Inhibitory effect of the dietary lipid di-homo-gamma linolenic acid on platelet reactivity

JO Kusznir, PC Armstrong, TD Warner. William Harvey Research Institute, Barts and The London School of Medicine and Dentistry, Queen Mary University of London, London, UK

The platelet lipid membrane provides the substrates for downstream eicosanoid production that in turn may alter platelet reactivity. The lipid composition of the membrane is strongly influenced by diet. We therefore examined the effect of the saturated fatty acid, stearic acid (SA), and the omega-6 fatty acids linoleic acid (LA) and di-homo-gamma linolenic acid (DGLA), on platelet aggregation.

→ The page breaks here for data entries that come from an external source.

lemma rel_homotopic_concat3_right:
  fixes f g h h' :: "real^'n \<Rightarrow> 'a"
  assumes f: "f \<in> Omega X x0" and g: "g \<in> Omega X x0"
    and h: "h \<in> Omega X x0" and h': "h' \<in> Omega X x0"
    and "rel_homotopic X x0 h' h"
  shows "rel_homotopic X x0 (concat3 f g h') (concat3 f g h)"
proof -
  obtain K :: "real \<times> (real^'n) \<Rightarrow> 'a" where K: "continuous_map euclidean X K"
    and K01: "\<And>t. K (0, t) = h' t" "\<And>t. K (1, t) = h t"
    and K_outside: "\<And>s t. t \<notin> box 0 1 \<Longrightarrow> K (s, t) = x0"
    using rel_homotopicE[OF assms(5) h' h] by blast
  have "rel_homotopic X x0 (concat3 f g (\<lambda>t. K (0, t))) (concat3 f g (\<lambda>t. K (1, t)))"
    using K_outside unfolding notin_box_iff
    by (intro rel_homotopic_concat3 continuous_map_Omega_snd[OF f] continuous_map_Omega_snd[OF g])
      (auto simp: K Omega_with_coord_outside[OF f] Omega_with_coord_outside[OF g]
        intro: Omega_outside_box_coord[OF f] Omega_outside_box_coord[OF g])
  then show ?thesis by (simp add: K01)
qed

lemma rel_homotopic_concat3_contract_right:
  fixes f g :: "real^'n \<Rightarrow> 'a"
  assumes f: "f \<in> Omega X x0" and g: "g \<in> Omega X x0"
  shows "rel_homotopic X x0 (concat3 f g g) (concat3 f (\<lambda>_. x0) (\<lambda>_. x0))"
proof -
  txt \<open>\<open>G s\<close> runs through \<open>g\<close> only on the parameter interval \<open>[s, 1]\<close>, so \<open>G 1\<close> is constant.\<close>
  define G where "G s t = g (with_coord t (max (t$concat_coord) s))" for s t
  have "continuous_map euclidean X (\<lambda>p. G (fst p) (snd p))"
    unfolding G_def
    by (rule continuous_map_compose_continuous_on[OF Omega_continuous_map[OF g]]) (intro continuous_intros)
  moreover have "G 0 = g"
  proof
    show "G 0 t = g t" for t
      using Omega_outside_box_coord[OF g, of t] Omega_outside_box_coord[OF g, of "with_coord t 0"]
      by (cases "0 \<le> t$concat_coord") (simp_all add: G_def max_def)
  qed
  moreover have "G 1 = (\<lambda>_. x0)"
    using Omega_outside_box_coord[OF g] by (auto simp: G_def)
  moreover have "rel_homotopic X x0 (concat3 f (G 0) (G 0)) (concat3 f (G 1) (G 1))"
    by (intro rel_homotopic_concat3 continuous_map_Omega_snd[OF f] calculation)
      (auto simp: G_def le_max_iff_disj min_le_iff_disj
        Omega_with_coord_outside[OF f] Omega_with_coord_outside[OF g]
        intro: Omega_outside_box_coord[OF f] Omega_outside_box_coord[OF g])
  ultimately show ?thesis by simp
qed

lemma rel_homotopic_concat3_contract_left:
  fixes f g :: "real^'n \<Rightarrow> 'a"
  assumes f: "f \<in> Omega X x0" and g: "g \<in> Omega X x0"
  shows "rel_homotopic X x0 (concat3 g g f) (concat3 (\<lambda>_. x0) (\<lambda>_. x0) f)"
proof -
  txt \<open>\<open>G s\<close> runs through \<open>g\<close> only on the parameter interval \<open>[0, 1 - s]\<close>.\<close>
  define G where "G s t = g (with_coord t (min (t$concat_coord) (1 - s)))" for s t
  have "continuous_map euclidean X (\<lambda>p. G (fst p) (snd p))"
    unfolding G_def
    by (rule continuous_map_compose_continuous_on[OF Omega_continuous_map[OF g]]) (intro continuous_intros)
  moreover have "G 0 = g"
  proof
    show "G 0 t = g t" for t
      using Omega_outside_box_coord[OF g, of t] Omega_outside_box_coord[OF g, of "with_coord t 1"]
      by (cases "t$concat_coord \<le> 1") (simp_all add: G_def min_def)
  qed
  moreover have "G 1 = (\<lambda>_. x0)"
    using Omega_outside_box_coord[OF g] by (auto simp: G_def)
  moreover have "rel_homotopic X x0 (concat3 (G 0) (G 0) f) (concat3 (G 1) (G 1) f)"
    by (intro rel_homotopic_concat3 continuous_map_Omega_snd[OF f] calculation)
      (auto simp: G_def le_max_iff_disj min_le_iff_disj
        Omega_with_coord_outside[OF f] Omega_with_coord_outside[OF g]
        intro: Omega_outside_box_coord[OF f] Omega_outside_box_coord[OF g])
  ultimately show ?thesis by simp
qed

lemma rel_homotopic_concat3_const_right:
  fixes f :: "real^'n \<Rightarrow> 'a"
  assumes f: "f \<in> Omega X x0"
  shows "rel_homotopic X x0 (concat3 f (\<lambda>_. x0) (\<lambda>_. x0)) f"
proof (rule rel_homotopicI)
  define H where "H p = f (with_coord (snd p) ((3 - 2 * fst p) * snd p $ concat_coord))"
    for p :: "real \<times> (real^'n)"
  show "continuous_map euclidean X H"
    unfolding H_def
    by (rule continuous_map_compose_continuous_on[OF Omega_continuous_map[OF f]]) (intro continuous_intros)
  show "H (0, t) = concat3 f (\<lambda>_. x0) (\<lambda>_. x0) t" for t
    by (simp add: H_def concat3_def Omega_with_coord_outside[OF f])
  show "H (1, t) = f t" for t
    by (simp add: H_def)
  show "H (s, t) = x0" if s: "s \<in> {0..1}" and "t \<notin> box 0 1" for s t
  proof -
    have "t $ concat_coord \<le> 0 \<Longrightarrow> (3 - 2 * s) * t $ concat_coord \<le> 0"
      using s by (simp add: mult_nonneg_nonpos)
    moreover have "1 \<le> t $ concat_coord \<Longrightarrow> 1 \<le> (3 - 2 * s) * t $ concat_coord"
      using s mult_mono[of 1 "3 - 2 * s" 1 "t $ concat_coord"] by simp
    ultimately show ?thesis
      using \<open>t \<notin> box 0 1\<close> Omega_outside_box_coord[OF f] unfolding notin_box_iff H_def by auto
  qed
qed

lemma rel_homotopic_concat3_const_left:
  fixes f :: "real^'n \<Rightarrow> 'a"
  assumes f: "f \<in> Omega X x0"
  shows "rel_homotopic X x0 (concat3 (\<lambda>_. x0) (\<lambda>_. x0) f) f"
proof (rule rel_homotopicI)
  define H where
    "H p = f (with_coord (snd p) ((3 - 2 * fst p) * snd p $ concat_coord - 2 * (1 - fst p)))"
    for p :: "real \<times> (real^'n)"
  show "continuous_map euclidean X H"
    unfolding H_def
    by (rule continuous_map_compose_continuous_on[OF Omega_continuous_map[OF f]]) (intro continuous_intros)
  show "H (0, t) = concat3 (\<lambda>_. x0) (\<lambda>_. x0) f t" for t
    by (simp add: H_def concat3_def Omega_with_coord_outside[OF f])
  show "H (1, t) = f t" for t
    by (simp add: H_def)
  show "H (s, t) = x0" if s: "s \<in> {0..1}" and "t \<notin> box 0 1" for s t
  proof -
    have "t $ concat_coord \<le> 0 \<Longrightarrow> (3 - 2 * s) * t $ concat_coord - 2 * (1 - s) \<le> 0"
      using s mult_nonneg_nonpos[of "3 - 2 * s" "t $ concat_coord"] by simp
    moreover have "1 \<le> t $ concat_coord \<Longrightarrow> 1 \<le> (3 - 2 * s) * t $ concat_coord - 2 * (1 - s)"
    proof -
      assume "1 \<le> t $ concat_coord"
      then have "(3 - 2 * s) * 1 \<le> (3 - 2 * s) * t $ concat_coord"
        using s by (intro mult_left_mono) auto
      then show ?thesis by simp
    qed
    ultimately show ?thesis
      using \<open>t \<notin> box 0 1\<close> Omega_outside_box_coord[OF f] unfolding notin_box_iff H_def by auto
  qed
qed

lemma rel_homotopic_concat3_inverse_right:
  "f \<in> Omega X x0 \<Longrightarrow> g \<in> Omega X x0 \<Longrightarrow> rel_homotopic X x0 (concat3 f g g) f"
  by (metis rel_homotopic_concat3_contract_right rel_homotopic_concat3_const_right rel_homotopic_trans)

lemma rel_homotopic_concat3_inverse_left:
  "f \<in> Omega X x0 \<Longrightarrow> g \<in> Omega X x0 \<Longrightarrow> rel_homotopic X x0 (concat3 g g f) f"
  by (metis rel_homotopic_concat3_contract_left rel_homotopic_concat3_const_left rel_homotopic_trans)

lemma pi_n_classE:
  assumes "a \<in> pi_n X x0"
  obtains \<alpha> where "\<alpha> \<in> Omega X x0" and "a = {\<beta> \<in> Omega X x0. rel_homotopic X x0 \<alpha> \<beta>}"
proof -
  obtain \<alpha> where \<alpha>: "\<alpha> \<in> Omega X x0"
    and a: "a = {(\<alpha>, \<beta>). \<alpha> \<in> Omega X x0 \<and> \<beta> \<in> Omega X x0 \<and> rel_homotopic X x0 \<alpha> \<beta>} `` {\<alpha>}"
    using assms unfolding pi_n_def by (rule quotientE)
  have "a = {\<beta> \<in> Omega X x0. rel_homotopic X x0 \<alpha> \<beta>}"
    unfolding a using \<alpha> by (simp add: Image_singleton)
  with \<alpha> show ?thesis by (rule that)
qed

lemma pi_n_class_nonempty:
  assumes "a \<in> pi_n X x0"
  shows "a \<noteq> {}"
proof -
  obtain \<alpha> where "\<alpha> \<in> Omega X x0" and "a = {\<beta> \<in> Omega X x0. rel_homotopic X x0 \<alpha> \<beta>}"
    using assms by (rule pi_n_classE)
  then have "\<alpha> \<in> a" by (simp add: rel_homotopic_refl)
  then show ?thesis by blast
qed

lemma pi_n_class_subset_Omega: "a \<in> pi_n X x0 \<Longrightarrow> a \<subseteq> Omega X x0"
  by (erule pi_n_classE) simp

lemma pi_n_class_closed:
  assumes "a \<in> pi_n X x0" and "\<alpha> \<in> a" and "\<beta> \<in> Omega X x0" and "rel_homotopic X x0 \<beta> \<alpha>"
  shows "\<beta> \<in> a"
  using assms(1)
proof (rule pi_n_classE)
  fix \<alpha>0 assume "a = {\<beta> \<in> Omega X x0. rel_homotopic X x0 \<alpha>0 \<beta>}"
  with assms(2-4) show ?thesis
    using rel_homotopic_trans[OF _ rel_homotopic_sym[OF assms(4)]] by simp
qed

lemma pi_n_class_rel_homotopic:
  assumes "a \<in> pi_n X x0" and "\<alpha> \<in> a" and "\<beta> \<in> a"
  shows "rel_homotopic X x0 \<alpha> \<beta>"
  using assms(1)
proof (rule pi_n_classE)
  fix \<alpha>0 assume "a = {\<beta> \<in> Omega X x0. rel_homotopic X x0 \<alpha>0 \<beta>}"
  with assms(2,3) have "rel_homotopic X x0 \<alpha>0 \<alpha>" and "rel_homotopic X x0 \<alpha>0 \<beta>" by simp_all
  then show ?thesis by (rule rel_homotopic_trans[OF rel_homotopic_sym])
qed

lemma unif_dist_le:
  fixes \<alpha> \<beta> :: "real^'n \<Rightarrow> 'a"
  assumes "\<And>t. d (\<alpha> t) (\<beta> t) \<le> c"
  shows "unif_dist d \<alpha> \<beta> \<le> c"
proof -
  have "(0::real^'n) \<in> unit_cube" by (simp add: unit_cube_def mem_box_cart)
  then show ?thesis unfolding unif_dist_def using assms by (intro cSUP_least) auto
qed

locale compact_metrization = Metric_space "topspace X" d
  for X :: "'a topology" and d :: "'a \<Rightarrow> 'a \<Rightarrow> real" +
  assumes mtopology_eq: "mtopology = X"
    and compact_space_X: "compact_space X"
begin

lemma bounded_topspace:
  obtains B where "\<And>x y. x \<in> topspace X \<Longrightarrow> y \<in> topspace X \<Longrightarrow> d x y \<le> B"
proof -
  have "mbounded (topspace X)"
    using compact_space_X by (intro compactin_imp_mbounded) (simp add: mtopology_eq compact_space_def)
  then show ?thesis using that unfolding mbounded_alt by blast
qed

lemma dist_le_unif_dist:
  fixes \<alpha> \<beta> :: "real^'n \<Rightarrow> 'a"
  assumes \<alpha>: "\<alpha> \<in> Omega X x0" and \<beta>: "\<beta> \<in> Omega X x0"
  shows "d (\<alpha> t) (\<beta> t) \<le> unif_dist d \<alpha> \<beta>"
proof -
  obtain B where B: "\<And>x y. x \<in> topspace X \<Longrightarrow> y \<in> topspace X \<Longrightarrow> d x y \<le> B"
    using bounded_topspace by blast
  have "bdd_above ((\<lambda>t. d (\<alpha> t) (\<beta> t)) ` unit_cube)"
  proof (rule bdd_aboveI2)
    show "d (\<alpha> t) (\<beta> t) \<le> B" for t
      by (intro B Omega_in_topspace[OF \<alpha>] Omega_in_topspace[OF \<beta>])
  qed
  then have "d (\<alpha> (cube_clamp t)) (\<beta> (cube_clamp t)) \<le> unif_dist d \<alpha> \<beta>"
    unfolding unif_dist_def by (intro cSUP_upper cube_clamp_in_unit_cube)
  then show ?thesis by (simp add: Omega_cube_clamp[OF \<alpha>] Omega_cube_clamp[OF \<beta>])
qed

lemma unif_dist_nonneg:
  fixes \<alpha> \<beta> :: "real^'n \<Rightarrow> 'a"
  assumes "\<alpha> \<in> Omega X x0" and "\<beta> \<in> Omega X x0"
  shows "0 \<le> unif_dist d \<alpha> \<beta>"
  using dist_le_unif_dist[OF assms, of 0] nonneg[of "\<alpha> 0" "\<beta> 0"] by linarith

lemma bdd_below_unif_dist_pi_n:
  assumes "a \<in> pi_n X x0" and "b \<in> pi_n X x0"
  shows "bdd_below ((\<lambda>p. unif_dist d (fst p) (snd p)) ` (a \<times> b))"
  using pi_n_class_subset_Omega[OF assms(1)] pi_n_class_subset_Omega[OF assms(2)]
  by (intro bdd_belowI2[where m = 0]) (auto intro!: unif_dist_nonneg)

lemma rho_le_unif_dist:
  assumes "a \<in> pi_n X x0" and "b \<in> pi_n X x0" and "\<alpha> \<in> a" and "\<beta> \<in> b"
  shows "rho d a b \<le> unif_dist d \<alpha> \<beta>"
proof -
  have "(\<alpha>, \<beta>) \<in> a \<times> b" using assms(3,4) by simp
  then have "rho d a b \<le> unif_dist d (fst (\<alpha>, \<beta>)) (snd (\<alpha>, \<beta>))"
    unfolding rho_def by (rule cINF_lower[OF bdd_below_unif_dist_pi_n[OF assms(1,2)]])
  then show ?thesis by simp
qed

lemma rho_lessE:
  assumes "a \<in> pi_n X x0" and "b \<in> pi_n X x0" and "rho d a b < r"
  obtains \<alpha> \<beta> where "\<alpha> \<in> a" and "\<beta> \<in> b" and "unif_dist d \<alpha> \<beta> < r"
proof -
  have "a \<times> b \<noteq> {}"
    using pi_n_class_nonempty[OF assms(1)] pi_n_class_nonempty[OF assms(2)] by simp
  then have "\<exists>p \<in> a \<times> b. unif_dist d (fst p) (snd p) < r"
    using assms(3) cINF_less_iff[OF _ bdd_below_unif_dist_pi_n[OF assms(1,2)]] unfolding rho_def
    by blast
  then show ?thesis using that by auto
qed

lemma rho_self_le_0:
  assumes "a \<in> pi_n X x0"
  shows "rho d a a \<le> 0"
proof -
  obtain \<alpha> where \<alpha>: "\<alpha> \<in> a" using pi_n_class_nonempty[OF assms] by blast
  then have "\<alpha> \<in> Omega X x0" using pi_n_class_subset_Omega[OF assms] by blast
  have "rho d a a \<le> unif_dist d \<alpha> \<alpha>"
    by (rule rho_le_unif_dist[OF assms assms \<alpha> \<alpha>])
  also have "\<dots> \<le> 0"
    using Omega_in_topspace[OF \<open>\<alpha> \<in> Omega X x0\<close>] by (intro unif_dist_le) simp
  finally show ?thesis .
qed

Blood was collected by venepuncture into sodium citrate (3.2% w/v), from healthy volunteers who had provided written consent (St Thomas’s Hospital Research Ethics Committee, reference 07/Q0702/24). Platelets were isolated by sequential centrifugation and washing steps before final suspension in modified HEPES buffer. Samples were incubated with SA, LA or DGLA (10μM) for ten minutes. Aggregation, measured by 96-well Optimul or traditional light transmission aggregometry was then tested using, as platelet agonists, either collagen (0.1-30μg/ml) or thrombin receptor-activating peptide (TRAP) 6 (0.1-30μM).

Concentration response curves were constructed and log EC50 values calculated for collagen and TRAP-6 induced aggregation in presence of vehicle or fatty acid (Table 1). SA caused no differences in response to either agonist, whereas LA, and more strongly DGLA, reduced aggregation to both (*p<0.05 by two-way ANOVA).

Table 1: Log EC50 values (mean ±SEM, n=4)

The inhibitory effects of LA and DGLA on aggregation were confirmed using traditional light transmission aggregometry. In response to collagen (10μg/ml), compared to vehicle (71±2% maximum aggregation) LA did not demonstrate significant inhibition (65±2%; p>0.05) whereas DGLA did (41±5%, p<0.05). The inhibitory effects of LA and DGLA were more pronounced when TRAP-6 (3μM) was used as the agonist (vehicle, 62±7%; LA, 39±11%; and DGLA, 22±12%; p<0.05, n=4 for both). DGLA but not LA, compared to vehicle, demonstrated an inhibitory effect even when aggregation was induced by an increased TRAP-6 concentration (20μM; 51±3% vs 73±2%; p<0.05, n=4).

In conclusion, the two omega-6 fatty acids investigated inhibited platelet aggregation, whereas SA was without effect. DGLA had the greatest inhibitory effect but more work is required to identify the mechanistic pathway. Considering the significance of dietary fatty acid consumption on the constituents of the platelet phospholipid membrane, these data indicate the potential therapeutic benefits that could arise from diet modification. In particular, a DGLA-rich diet may help to reduce platelet reactivity.